In the entries below, find the line with "case (Cons b v)" and print exactly every line from there up to and including the line with "by (simp add: reduce_append", with no other lines.

Stored data entries
□ □ □ □ □ □ □

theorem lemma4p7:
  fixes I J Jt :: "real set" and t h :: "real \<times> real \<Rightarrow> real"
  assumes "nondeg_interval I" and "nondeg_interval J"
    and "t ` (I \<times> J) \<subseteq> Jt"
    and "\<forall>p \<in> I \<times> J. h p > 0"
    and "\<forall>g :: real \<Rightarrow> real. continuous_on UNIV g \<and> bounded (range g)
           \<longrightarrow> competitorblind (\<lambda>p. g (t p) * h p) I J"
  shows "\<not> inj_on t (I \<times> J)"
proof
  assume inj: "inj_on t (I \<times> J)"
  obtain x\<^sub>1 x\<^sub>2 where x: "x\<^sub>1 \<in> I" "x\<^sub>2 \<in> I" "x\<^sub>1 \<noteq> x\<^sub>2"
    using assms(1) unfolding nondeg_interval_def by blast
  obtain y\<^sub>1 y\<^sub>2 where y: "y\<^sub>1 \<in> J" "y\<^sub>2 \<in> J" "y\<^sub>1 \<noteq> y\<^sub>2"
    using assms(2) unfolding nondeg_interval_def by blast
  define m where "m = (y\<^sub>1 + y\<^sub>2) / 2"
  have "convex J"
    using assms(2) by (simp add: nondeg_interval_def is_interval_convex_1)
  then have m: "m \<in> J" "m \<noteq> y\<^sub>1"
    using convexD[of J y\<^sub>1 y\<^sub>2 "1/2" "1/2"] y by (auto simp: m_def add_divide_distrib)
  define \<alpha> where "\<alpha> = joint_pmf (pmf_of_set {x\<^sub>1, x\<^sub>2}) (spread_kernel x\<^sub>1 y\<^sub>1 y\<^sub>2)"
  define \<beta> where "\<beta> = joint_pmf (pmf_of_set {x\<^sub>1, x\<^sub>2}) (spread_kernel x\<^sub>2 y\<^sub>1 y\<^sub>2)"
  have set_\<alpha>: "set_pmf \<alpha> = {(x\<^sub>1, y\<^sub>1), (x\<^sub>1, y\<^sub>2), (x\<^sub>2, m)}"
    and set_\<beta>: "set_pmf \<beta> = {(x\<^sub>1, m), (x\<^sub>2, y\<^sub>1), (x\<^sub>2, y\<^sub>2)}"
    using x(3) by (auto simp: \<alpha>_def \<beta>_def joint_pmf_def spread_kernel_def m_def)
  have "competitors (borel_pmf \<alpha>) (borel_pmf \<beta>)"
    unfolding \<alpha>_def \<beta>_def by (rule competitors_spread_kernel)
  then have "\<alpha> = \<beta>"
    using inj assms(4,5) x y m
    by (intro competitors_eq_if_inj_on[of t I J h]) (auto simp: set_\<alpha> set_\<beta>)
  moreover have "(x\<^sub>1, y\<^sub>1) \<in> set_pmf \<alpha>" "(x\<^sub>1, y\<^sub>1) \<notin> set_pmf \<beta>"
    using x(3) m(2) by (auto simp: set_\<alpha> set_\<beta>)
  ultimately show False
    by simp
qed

□ □ □ □ □ □ □

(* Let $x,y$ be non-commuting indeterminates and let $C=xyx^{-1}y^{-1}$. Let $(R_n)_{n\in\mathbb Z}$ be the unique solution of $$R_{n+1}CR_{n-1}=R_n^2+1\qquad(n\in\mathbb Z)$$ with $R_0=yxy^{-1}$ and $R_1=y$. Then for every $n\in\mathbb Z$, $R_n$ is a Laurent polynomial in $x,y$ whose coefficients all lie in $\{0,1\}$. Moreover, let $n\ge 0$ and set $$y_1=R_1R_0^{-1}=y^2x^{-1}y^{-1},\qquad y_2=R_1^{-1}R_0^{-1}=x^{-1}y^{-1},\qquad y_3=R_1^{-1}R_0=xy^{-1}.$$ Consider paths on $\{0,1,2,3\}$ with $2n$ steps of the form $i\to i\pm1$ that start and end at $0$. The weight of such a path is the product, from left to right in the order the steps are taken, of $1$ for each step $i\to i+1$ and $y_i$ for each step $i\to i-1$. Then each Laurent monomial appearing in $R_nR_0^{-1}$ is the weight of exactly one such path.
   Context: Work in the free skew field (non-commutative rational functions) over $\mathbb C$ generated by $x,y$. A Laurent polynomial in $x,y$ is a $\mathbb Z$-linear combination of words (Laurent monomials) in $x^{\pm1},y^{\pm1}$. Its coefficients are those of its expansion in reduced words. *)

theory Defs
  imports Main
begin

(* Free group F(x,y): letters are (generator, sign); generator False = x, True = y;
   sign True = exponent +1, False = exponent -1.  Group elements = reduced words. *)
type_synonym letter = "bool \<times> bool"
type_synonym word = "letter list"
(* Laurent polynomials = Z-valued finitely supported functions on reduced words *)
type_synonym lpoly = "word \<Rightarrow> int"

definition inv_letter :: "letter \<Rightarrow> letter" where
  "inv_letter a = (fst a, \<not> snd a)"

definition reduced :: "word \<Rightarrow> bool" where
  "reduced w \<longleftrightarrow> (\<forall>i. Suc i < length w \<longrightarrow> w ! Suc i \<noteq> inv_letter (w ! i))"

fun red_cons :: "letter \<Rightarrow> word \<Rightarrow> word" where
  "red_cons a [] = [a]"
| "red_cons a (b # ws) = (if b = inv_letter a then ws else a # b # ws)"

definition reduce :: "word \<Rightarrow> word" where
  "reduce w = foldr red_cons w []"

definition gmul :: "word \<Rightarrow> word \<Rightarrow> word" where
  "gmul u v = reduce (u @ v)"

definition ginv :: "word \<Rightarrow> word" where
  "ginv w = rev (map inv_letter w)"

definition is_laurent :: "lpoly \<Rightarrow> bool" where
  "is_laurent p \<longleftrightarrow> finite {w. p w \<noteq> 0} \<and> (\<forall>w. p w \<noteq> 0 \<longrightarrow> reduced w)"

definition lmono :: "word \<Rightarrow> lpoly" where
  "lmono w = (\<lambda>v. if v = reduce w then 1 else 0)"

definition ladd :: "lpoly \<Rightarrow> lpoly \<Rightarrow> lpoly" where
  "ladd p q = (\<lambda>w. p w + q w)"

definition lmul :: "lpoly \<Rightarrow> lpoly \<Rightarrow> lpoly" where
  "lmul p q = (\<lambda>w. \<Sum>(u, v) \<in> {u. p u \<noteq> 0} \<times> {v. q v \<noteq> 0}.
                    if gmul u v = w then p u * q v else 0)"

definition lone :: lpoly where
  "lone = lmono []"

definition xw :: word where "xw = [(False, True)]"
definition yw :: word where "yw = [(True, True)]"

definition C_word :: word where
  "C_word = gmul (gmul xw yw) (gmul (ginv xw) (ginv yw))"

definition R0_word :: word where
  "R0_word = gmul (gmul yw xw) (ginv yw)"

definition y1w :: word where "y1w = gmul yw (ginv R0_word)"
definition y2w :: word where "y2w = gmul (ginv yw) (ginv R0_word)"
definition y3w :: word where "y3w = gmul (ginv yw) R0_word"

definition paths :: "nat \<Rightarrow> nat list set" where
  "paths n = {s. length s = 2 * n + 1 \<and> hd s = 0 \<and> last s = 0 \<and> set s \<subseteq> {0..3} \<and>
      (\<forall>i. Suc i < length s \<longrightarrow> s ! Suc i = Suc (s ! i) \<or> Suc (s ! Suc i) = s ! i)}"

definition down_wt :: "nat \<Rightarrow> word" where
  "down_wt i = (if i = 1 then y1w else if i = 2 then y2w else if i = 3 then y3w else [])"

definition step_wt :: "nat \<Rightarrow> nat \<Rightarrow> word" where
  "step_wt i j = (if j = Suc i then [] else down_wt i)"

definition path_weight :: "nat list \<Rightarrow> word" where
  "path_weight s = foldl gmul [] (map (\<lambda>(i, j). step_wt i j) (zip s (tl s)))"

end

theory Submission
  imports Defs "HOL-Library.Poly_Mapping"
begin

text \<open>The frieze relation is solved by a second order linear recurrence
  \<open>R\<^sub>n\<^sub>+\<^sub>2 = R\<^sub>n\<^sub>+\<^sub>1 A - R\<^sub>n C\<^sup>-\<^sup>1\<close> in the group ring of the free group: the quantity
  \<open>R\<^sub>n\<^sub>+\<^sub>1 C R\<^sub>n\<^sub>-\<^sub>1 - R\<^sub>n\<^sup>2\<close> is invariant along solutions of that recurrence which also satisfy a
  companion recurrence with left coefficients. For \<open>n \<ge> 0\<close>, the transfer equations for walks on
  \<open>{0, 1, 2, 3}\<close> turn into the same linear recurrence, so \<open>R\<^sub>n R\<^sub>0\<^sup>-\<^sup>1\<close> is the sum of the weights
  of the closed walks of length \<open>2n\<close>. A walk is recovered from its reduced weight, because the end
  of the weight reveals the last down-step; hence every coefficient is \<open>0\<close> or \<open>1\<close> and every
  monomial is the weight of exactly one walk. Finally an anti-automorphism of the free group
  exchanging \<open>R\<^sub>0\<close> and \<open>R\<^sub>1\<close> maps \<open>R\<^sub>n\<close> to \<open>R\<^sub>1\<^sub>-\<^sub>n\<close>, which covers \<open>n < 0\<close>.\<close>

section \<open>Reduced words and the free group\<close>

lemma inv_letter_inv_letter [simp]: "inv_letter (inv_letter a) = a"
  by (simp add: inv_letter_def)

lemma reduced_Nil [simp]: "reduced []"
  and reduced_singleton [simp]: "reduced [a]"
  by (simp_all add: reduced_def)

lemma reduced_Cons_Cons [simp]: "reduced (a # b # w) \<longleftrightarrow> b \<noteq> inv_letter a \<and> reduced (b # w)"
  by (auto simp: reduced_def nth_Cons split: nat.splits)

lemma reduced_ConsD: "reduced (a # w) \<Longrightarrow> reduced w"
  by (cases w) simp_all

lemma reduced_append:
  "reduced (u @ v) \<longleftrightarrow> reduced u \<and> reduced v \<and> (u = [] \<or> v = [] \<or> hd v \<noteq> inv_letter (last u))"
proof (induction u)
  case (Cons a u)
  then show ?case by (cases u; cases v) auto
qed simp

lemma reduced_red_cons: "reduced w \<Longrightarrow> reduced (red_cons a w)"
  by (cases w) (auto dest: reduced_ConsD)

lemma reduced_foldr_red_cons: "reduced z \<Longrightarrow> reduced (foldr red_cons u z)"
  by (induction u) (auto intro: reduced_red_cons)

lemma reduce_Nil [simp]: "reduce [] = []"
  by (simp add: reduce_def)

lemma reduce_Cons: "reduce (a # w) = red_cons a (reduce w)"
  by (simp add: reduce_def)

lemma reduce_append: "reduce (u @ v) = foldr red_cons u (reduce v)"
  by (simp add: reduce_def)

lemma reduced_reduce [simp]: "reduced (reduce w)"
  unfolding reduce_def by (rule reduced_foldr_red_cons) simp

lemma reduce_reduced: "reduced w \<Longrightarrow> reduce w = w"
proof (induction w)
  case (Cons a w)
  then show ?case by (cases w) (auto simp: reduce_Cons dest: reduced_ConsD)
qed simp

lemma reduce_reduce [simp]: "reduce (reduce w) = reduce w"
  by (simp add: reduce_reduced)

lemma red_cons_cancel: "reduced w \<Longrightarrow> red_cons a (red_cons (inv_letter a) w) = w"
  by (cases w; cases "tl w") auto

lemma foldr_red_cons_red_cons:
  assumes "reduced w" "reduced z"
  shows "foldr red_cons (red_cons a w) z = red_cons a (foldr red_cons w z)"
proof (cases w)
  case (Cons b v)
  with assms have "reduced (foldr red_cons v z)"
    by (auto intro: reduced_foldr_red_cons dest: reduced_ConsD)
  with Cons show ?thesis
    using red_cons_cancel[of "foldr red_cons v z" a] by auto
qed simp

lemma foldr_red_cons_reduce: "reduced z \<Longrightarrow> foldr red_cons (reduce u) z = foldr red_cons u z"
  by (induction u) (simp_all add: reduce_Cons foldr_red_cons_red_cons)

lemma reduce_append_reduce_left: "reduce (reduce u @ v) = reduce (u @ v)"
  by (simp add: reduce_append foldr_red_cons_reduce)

□ □ □ □ □ □ □

Written reply ▸
  case (Cons b v)
  with assms have "reduced (foldr red_cons v z)"
    by (auto intro: reduced_foldr_red_cons dest: reduced_ConsD)
  with Cons show ?thesis
    using red_cons_cancel[of "foldr red_cons v z" a] by auto
qed simp

lemma foldr_red_cons_reduce: "reduced z \<Longrightarrow> foldr red_cons (reduce u) z = foldr red_cons u z"
  by (induction u) (simp_all add: reduce_Cons foldr_red_cons_red_cons)

lemma reduce_append_reduce_left: "reduce (reduce u @ v) = reduce (u @ v)"
  by (simp add: reduce_append foldr_red_cons_reduce)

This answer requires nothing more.